HRSA Uninsured Program Covid-19 Services: OIG Audit Finds HRSA Paid for Claims that did not Comply with Federal Requirements

On July 13, 2023 the Office of Audit Services of the Department of Health & Human Services Office of Inspector General (OIG) released the long-awaited audit (A-02-21-01013) of the Health Resources and Services Administration (HRSA) Uninsured Program (UIP) (Audit). The UIP reimbursed providers for provision of COVID-19 testing, treatment, and vaccination services provided to uninsured individuals.
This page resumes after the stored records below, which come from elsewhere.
(* Let $\mathbf{M}$ be a $D\times D$ unimodular matrix and $\bm{\Gamma}_1,\dots,\bm{\Gamma}_L$ nonsingular $D\times D$ integer matrices that are pairwise commutative and coprime; let $\mathbf{M}_i=\mathbf{M}\bm{\Gamma}_i$. Then $\mathbf{R}=\mathbf{M}\bm{\Gamma}_1\cdots\bm{\Gamma}_L\mathbf{U}$ is an lcrm of the $\mathbf{M}_i$ for every unimodular $\mathbf{U}$; with $\mathbf{W}_i=\mathbf{M}\bm{\Gamma}_1\cdots\bm{\Gamma}_{i-1}\bm{\Gamma}_{i+1}\cdots\bm{\Gamma}_L$, there exist integer matrices $\widehat{\mathbf{W}}_i,\mathbf{Q}_i$ with $\mathbf{W}_i\widehat{\mathbf{W}}_i+\mathbf{M}_i\mathbf{Q}_i=\mathbf{I}$ for each $i$, and for any such choice every $\mathbf{m}\in\mathcal{N}(\mathbf{R})$ satisfies $$\mathbf{m}=\Big\langle\sum_{i=1}^L\mathbf{W}_i\widehat{\mathbf{W}}_i\mathbf{r}_i\Big\rangle_{\mathbf{R}},\qquad \mathbf{r}_i=\langle\mathbf{m}\rangle_{\mathbf{M}_i}.$$
   Context: All matrices are $D\times D$ integer matrices; unimodular means integer with determinant $\pm1$. Commuting nonsingular integer matrices are coprime if all their common left (equivalently right) divisors are unimodular, where $\mathbf{A}$ is a left divisor of $\mathbf{M}$ if $\mathbf{A}^{-1}\mathbf{M}$ is integer. An lcrm of $\mathbf{M}_1,\dots,\mathbf{M}_L$ is a nonsingular integer $\mathbf{R}=\mathbf{M}_i\mathbf{P}_i$ (integer $\mathbf{P}_i$, all $i$) such that every such common right multiple equals $\mathbf{R}\mathbf{A}$ for integer $\mathbf{A}$. $\mathcal{N}(\mathbf{M})=\{\mathbf{k}\in\mathbb{Z}^D:\mathbf{k}=\mathbf{M}\mathbf{x},\ \mathbf{x}\in[0,1)^D\}$; $\langle\mathbf{m}\rangle_{\mathbf{M}}$ is the unique $\mathbf{r}\in\mathcal{N}(\mathbf{M})$ with $\mathbf{m}-\mathbf{r}\in\mathbf{M}\mathbb{Z}^D$. *)

theory Defs
  imports "HOL-Analysis.Analysis"
begin

type_synonym 'n imat = "int ^'n ^'n"

definition unimodular :: "'n::finite imat \<Rightarrow> bool" where
  "unimodular A \<longleftrightarrow> det A = 1 \<or> det A = -1"

definition nonsingular :: "'n::finite imat \<Rightarrow> bool" where
  "nonsingular A \<longleftrightarrow> det A \<noteq> 0"

definition left_divisor :: "'n::finite imat \<Rightarrow> 'n imat \<Rightarrow> bool" where
  "left_divisor A M \<longleftrightarrow> nonsingular A \<and> (\<exists>P. M = A ** P)"

definition coprime_mat :: "'n::finite imat \<Rightarrow> 'n imat \<Rightarrow> bool" where
  "coprime_mat A B \<longleftrightarrow> (\<forall>C. left_divisor C A \<and> left_divisor C B \<longrightarrow> unimodular C)"

definition is_lcrm :: "'n::finite imat \<Rightarrow> (nat \<Rightarrow> 'n imat) \<Rightarrow> nat set \<Rightarrow> bool" where
  "is_lcrm R Ms I \<longleftrightarrow> nonsingular R \<and> (\<forall>i\<in>I. \<exists>P. R = Ms i ** P) \<and>
     (\<forall>S. nonsingular S \<and> (\<forall>i\<in>I. \<exists>P. S = Ms i ** P) \<longrightarrow> (\<exists>A. S = R ** A))"

definition real_mat :: "'n::finite imat \<Rightarrow> real ^'n ^'n" where
  "real_mat A = (\<chi> i j. real_of_int (A $ i $ j))"

definition real_vec :: "int ^'n::finite \<Rightarrow> real ^'n" where
  "real_vec k = (\<chi> i. real_of_int (k $ i))"

definition NN :: "'n::finite imat \<Rightarrow> (int ^'n) set" where
  "NN M = {k. \<exists>x::real^'n. (\<forall>i. 0 \<le> x $ i \<and> x $ i < 1) \<and> real_vec k = real_mat M *v x}"

definition resid :: "int ^'n::finite \<Rightarrow> 'n imat \<Rightarrow> int ^'n" where
  "resid m M = (THE r. r \<in> NN M \<and> (\<exists>z. m - r = M *v z))"

definition mprod :: "(nat \<Rightarrow> 'n::finite imat) \<Rightarrow> nat list \<Rightarrow> 'n imat" where
  "mprod G is = foldr (\<lambda>i A. G i ** A) is (mat 1)"

end

theory Submission
  imports Defs
begin

text \<open>
  Write A\<int>^D for the lattice spanned by the columns of an integer matrix A; then B = A P
  for an integer P iff B\<int>^D \<subseteq> A\<int>^D.
  If A and B are coprime, the submodule A\<int>^D + B\<int>^D contains (det B)\<int>^D,
  so it equals C\<int>^D for a nonsingular C; this C is a common left divisor of A and B, hence
  unimodular, and A X + B Y = I.  If moreover P and G commute, multiplication by P maps the finite
  residue set N(G) onto itself (as P X \<equiv> I modulo G), hence injectively, which gives
  P\<int>^D \<inter> G\<int>^D = P G\<int>^D.  By induction the lattices \<Gamma>_i\<int>^D intersect
  in \<Gamma>_1\<cdots>\<Gamma>_L\<int>^D, so M \<Gamma>_1\<cdots>\<Gamma>_L U is an lcrm of the M \<Gamma>_i.
  The reconstruction formula is the Chinese remainder theorem: W_i Wh_i \<equiv> I modulo
  M_i and \<equiv> 0 modulo M_j for j \<noteq> i, so the sum is congruent to m modulo every
  M_i, hence modulo R.
\<close>

lemma real_mat_mult: "real_mat (A ** B) = real_mat A ** real_mat B"
  by (simp add: real_mat_def matrix_matrix_mult_def vec_eq_iff)

lemma real_mat_mat_1: "real_mat (mat 1) = mat 1"
  by (simp add: real_mat_def mat_def vec_eq_iff)

lemma real_mat_inject: "real_mat A = real_mat B \<longleftrightarrow> A = B"
  by (simp add: real_mat_def vec_eq_iff)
While the UIP terminated due to insufficient funding in the spring of 2022, the federal government paid out an enormous sum for UIP claims during and after the program’s operation – approximately $24.5 billion according to the Audit report.

The Audit reviewed whether claims reimbursed through the UIP complied with federal requirements, including the prohibition on patient balance billing (meaning that a patient is billed directly for charges not paid by the insurer), and as we focus on here, the requirement that reimbursement only be made for claims for COVID-19 related services to uninsured individuals.

The Audit report sheds light on the processes employed by HRSA, and its third-party contractor operating the UIP, to verify claim validity before payment. The report describes shortcomings in HRSA and its contractor’s procedures to verify patient insurance status and ensure that claims were for items and services related to COVID-19. Considering recent enforcement actions and allegations related to alleged improper submission of claims to the UIP, the Audit report is timely and informative as providers grapple with their potential liability for claims submitted to the UIP.

In this article, the first in a two-part series on the HRSA UIP and enforcement risks, we break down the Audit’s findings and discuss the implications for providers who submitted claims to the UIP. In part two of this series, to follow shortly, we analyze enforcement actions filed against providers alleging submission of false or fraudulent claims to and paid by the UIP and will provide predictions related to the likely future of enforcement in this area.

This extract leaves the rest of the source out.